(* For every closed $\varphi\in\mathrm{sHML}_F$, the monitor $\mathrm{m}(\varphi)$ is sound and violation-complete for $\varphi$ over finfinite traces. For every closed $\varphi\in\mathrm{cHML}_F$, $\mathrm{m}(\varphi)$ is sound and satisfaction-complete for $\varphi$ over finfinite traces.
   Context: Fix a finite set $\mathrm{Act}$ of actions, $\tau\notin\mathrm{Act}$. recHML formulae: $\varphi::=\mathrm{tt}\mid\mathrm{ff}\mid\varphi\vee\varphi\mid\varphi\wedge\varphi\mid\langle A\rangle\varphi\mid[A]\varphi\mid\min X.\varphi\mid\max X.\varphi\mid X$ ($A\subseteq\mathrm{Act}$), guarded. Fragments: $\mathrm{sHML}_F$: $\varphi::=\mathrm{tt}\mid\mathrm{ff}\mid[A]\varphi\mid\varphi\vee\varphi\mid\varphi\wedge\varphi\mid\max X.\varphi\mid X$; $\mathrm{cHML}_F$: $\varphi::=\mathrm{tt}\mid\mathrm{ff}\mid\langle A\rangle\varphi\mid\varphi\vee\varphi\mid\varphi\wedge\varphi\mid\min X.\varphi\mid X$. Finfinite traces $\mathrm{Fin}=\mathrm{Act}^\omega\cup\mathrm{Act}^*$; finfinite semantics: $[\![\mathrm{tt}]\!]_F=\mathrm{Fin}$, $[\![\mathrm{ff}]\!]_F=\emptyset$, $\vee,\wedge$ union/intersection, $[\![\langle A\rangle\varphi,\sigma]\!]_F=\{ag\mid a\in A,g\in[\![\varphi,\sigma]\!]_F\}$, $[\![[A]\varphi,\sigma]\!]_F=\{g\mid\forall a\in A,\forall g'.\ g=ag'\Rightarrow g'\in[\![\varphi,\sigma]\!]_F\}$, $\min/\max$ as least/greatest fixpoints (intersection of pre-fixpoints / union of post-fixpoints), $[\![X,\sigma]\!]_F=\sigma(X)$. Monitors: $m,n::=v\mid a.m\mid m+n\mid\mathrm{rec}\,x.m\mid x\mid m\otimes n\mid m\oplus n$, verdicts $v::=\mathrm{end}\mid\mathrm{no}\mid\mathrm{yes}$, with transitions ($\mu\in\mathrm{Act}\cup\{\tau\}$, $a\in\mathrm{Act}$, $\odot\in\{\otimes,\oplus\}$): $a.m\xrightarrow{a}m$; $\mathrm{rec}\,x.m\xrightarrow{\tau}m[\mathrm{rec}\,x.m/x]$; if $m\xrightarrow{\mu}m'$ then $m+n\xrightarrow{\mu}m'$ and $n+m\xrightarrow{\mu}m'$; $v\xrightarrow{a}v$; if $m\xrightarrow{a}m'$ and $n\xrightarrow{a}n'$ then $m\odot n\xrightarrow{a}m'\odot n'$; if $m\xrightarrow{\tau}m'$ then $m\odot n\xrightarrow{\tau}m'\odot n$ and $n\odot m\xrightarrow{\tau}n\odot m'$; $\mathrm{end}\odot\mathrm{end}\xrightarrow{\tau}\mathrm{end}$; $\mathrm{yes}\otimes m\xrightarrow{\tau}m$, $\mathrm{no}\otimes m\xrightarrow{\tau}\mathrm{no}$, $\mathrm{no}\oplus m\xrightarrow{\tau}m$, $\mathrm{yes}\oplus m\xrightarrow{\tau}\mathrm{yes}$ and their symmetric versions. Weak transitions $\Rightarrow,\overset{a}{\Longrightarrow},\overset{s}{\Longrightarrow}$ as usual. $m$ rejects (accepts) $s\in\mathrm{Act}^*$ if $m\overset{s}{\Longrightarrow}\mathrm{no}$ ($\mathrm{yes}$), and rejects (accepts) $g\in\mathrm{Fin}$ if it rejects (accepts) some finite prefix of $g$. Soundness over finfinite traces: $m$ rejects $g$ implies $g\notin[\![\varphi]\!]_F$, and $m$ accepts $g$ implies $g\in[\![\varphi]\!]_F$, for all $g\in\mathrm{Fin}$; violation-complete: $g\notin[\![\varphi]\!]_F$ implies $m$ rejects $g$; satisfaction-complete: $g\in[\![\varphi]\!]_F$ implies $m$ accepts $g$. Monitor synthesis (writing $A.n$ for $\sum_{a\in A}a.n$, $\overline{A}=\mathrm{Act}\setminus A$, and omitting a summand whose action set is empty): $\mathrm{m}(\mathrm{tt})=\mathrm{yes}$, $\mathrm{m}(\mathrm{ff})=\mathrm{no}$, $\mathrm{m}(X)=x$, $\mathrm{m}(\varphi\wedge\psi)=\mathrm{m}(\varphi)\otimes\mathrm{m}(\psi)$, $\mathrm{m}(\varphi\vee\psi)=\mathrm{m}(\varphi)\oplus\mathrm{m}(\psi)$, $\mathrm{m}([A]\varphi)=A.\mathrm{m}(\varphi)+\overline{A}.\mathrm{yes}$, $\mathrm{m}(\langle A\rangle\varphi)=A.\mathrm{m}(\varphi)+\overline{A}.\mathrm{no}$, $\mathrm{m}(\max X.\varphi)=\mathrm{m}(\min X.\varphi)=\mathrm{rec}\,x.\mathrm{m}(\varphi)$. *)

theory Defs
  imports Main
begin

(* Actions: a finite type 'a (Act = UNIV).  Fixpoint / recursion variables: nat. *)

datatype 'a fml =
    TT | FF
  | Or "'a fml" "'a fml" | And "'a fml" "'a fml"
  | Dia "'a set" "'a fml" | Box "'a set" "'a fml"
  | MinF nat "'a fml" | MaxF nat "'a fml" | Var nat

datatype 'a ftrace = FinT "'a list" | InfT "nat \<Rightarrow> 'a"

fun tcons :: "'a \<Rightarrow> 'a ftrace \<Rightarrow> 'a ftrace" where
  "tcons a (FinT l) = FinT (a # l)"
| "tcons a (InfT f) = InfT (case_nat a f)"

fun is_prefix :: "'a list \<Rightarrow> 'a ftrace \<Rightarrow> bool" where
  "is_prefix s (FinT l) = (s = take (length s) l \<and> length s \<le> length l)"
| "is_prefix s (InfT f) = (s = map f [0..<length s])"

primrec sem :: "'a fml \<Rightarrow> (nat \<Rightarrow> 'a ftrace set) \<Rightarrow> 'a ftrace set" where
  "sem TT \<sigma> = UNIV"
| "sem FF \<sigma> = {}"
| "sem (Or \<phi> \<psi>) \<sigma> = sem \<phi> \<sigma> \<union> sem \<psi> \<sigma>"
| "sem (And \<phi> \<psi>) \<sigma> = sem \<phi> \<sigma> \<inter> sem \<psi> \<sigma>"
| "sem (Dia A \<phi>) \<sigma> = {tcons a g | a g. a \<in> A \<and> g \<in> sem \<phi> \<sigma>}"
| "sem (Box A \<phi>) \<sigma> = {g. \<forall>a\<in>A. \<forall>g'. g = tcons a g' \<longrightarrow> g' \<in> sem \<phi> \<sigma>}"
| "sem (MinF X \<phi>) \<sigma> = \<Inter>{S. sem \<phi> (\<sigma>(X := S)) \<subseteq> S}"
| "sem (MaxF X \<phi>) \<sigma> = \<Union>{S. S \<subseteq> sem \<phi> (\<sigma>(X := S))}"
| "sem (Var X) \<sigma> = \<sigma> X"

(* semantics of closed formulae (environment irrelevant) *)
definition semF :: "'a fml \<Rightarrow> 'a ftrace set" where
  "semF \<phi> = sem \<phi> (\<lambda>_. {})"

primrec fv :: "'a fml \<Rightarrow> nat set" where
  "fv TT = {}" | "fv FF = {}"
| "fv (Or \<phi> \<psi>) = fv \<phi> \<union> fv \<psi>" | "fv (And \<phi> \<psi>) = fv \<phi> \<union> fv \<psi>"
| "fv (Dia A \<phi>) = fv \<phi>" | "fv (Box A \<phi>) = fv \<phi>"
| "fv (MinF X \<phi>) = fv \<phi> - {X}" | "fv (MaxF X \<phi>) = fv \<phi> - {X}"
| "fv (Var X) = {X}"

definition closed :: "'a fml \<Rightarrow> bool" where
  "closed \<phi> \<longleftrightarrow> fv \<phi> = {}"

primrec unguarded :: "nat \<Rightarrow> 'a fml \<Rightarrow> bool" where
  "unguarded X TT = False" | "unguarded X FF = False"
| "unguarded X (Or \<phi> \<psi>) = (unguarded X \<phi> \<or> unguarded X \<psi>)"
| "unguarded X (And \<phi> \<psi>) = (unguarded X \<phi> \<or> unguarded X \<psi>)"
| "unguarded X (Dia A \<phi>) = False" | "unguarded X (Box A \<phi>) = False"
| "unguarded X (MinF Y \<phi>) = (X \<noteq> Y \<and> unguarded X \<phi>)"
| "unguarded X (MaxF Y \<phi>) = (X \<noteq> Y \<and> unguarded X \<phi>)"
| "unguarded X (Var Y) = (X = Y)"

=== TASK ITEM ===
The expected answer is a copy of every line in the entries that holds the word "primrec".

=== RESPONSE TO THE EXERCISE ===
primrec sem :: "'a fml \<Rightarrow> (nat \<Rightarrow> 'a ftrace set) \<Rightarrow> 'a ftrace set" where
primrec fv :: "'a fml \<Rightarrow> nat set" where
primrec unguarded :: "nat \<Rightarrow> 'a fml \<Rightarrow> bool" where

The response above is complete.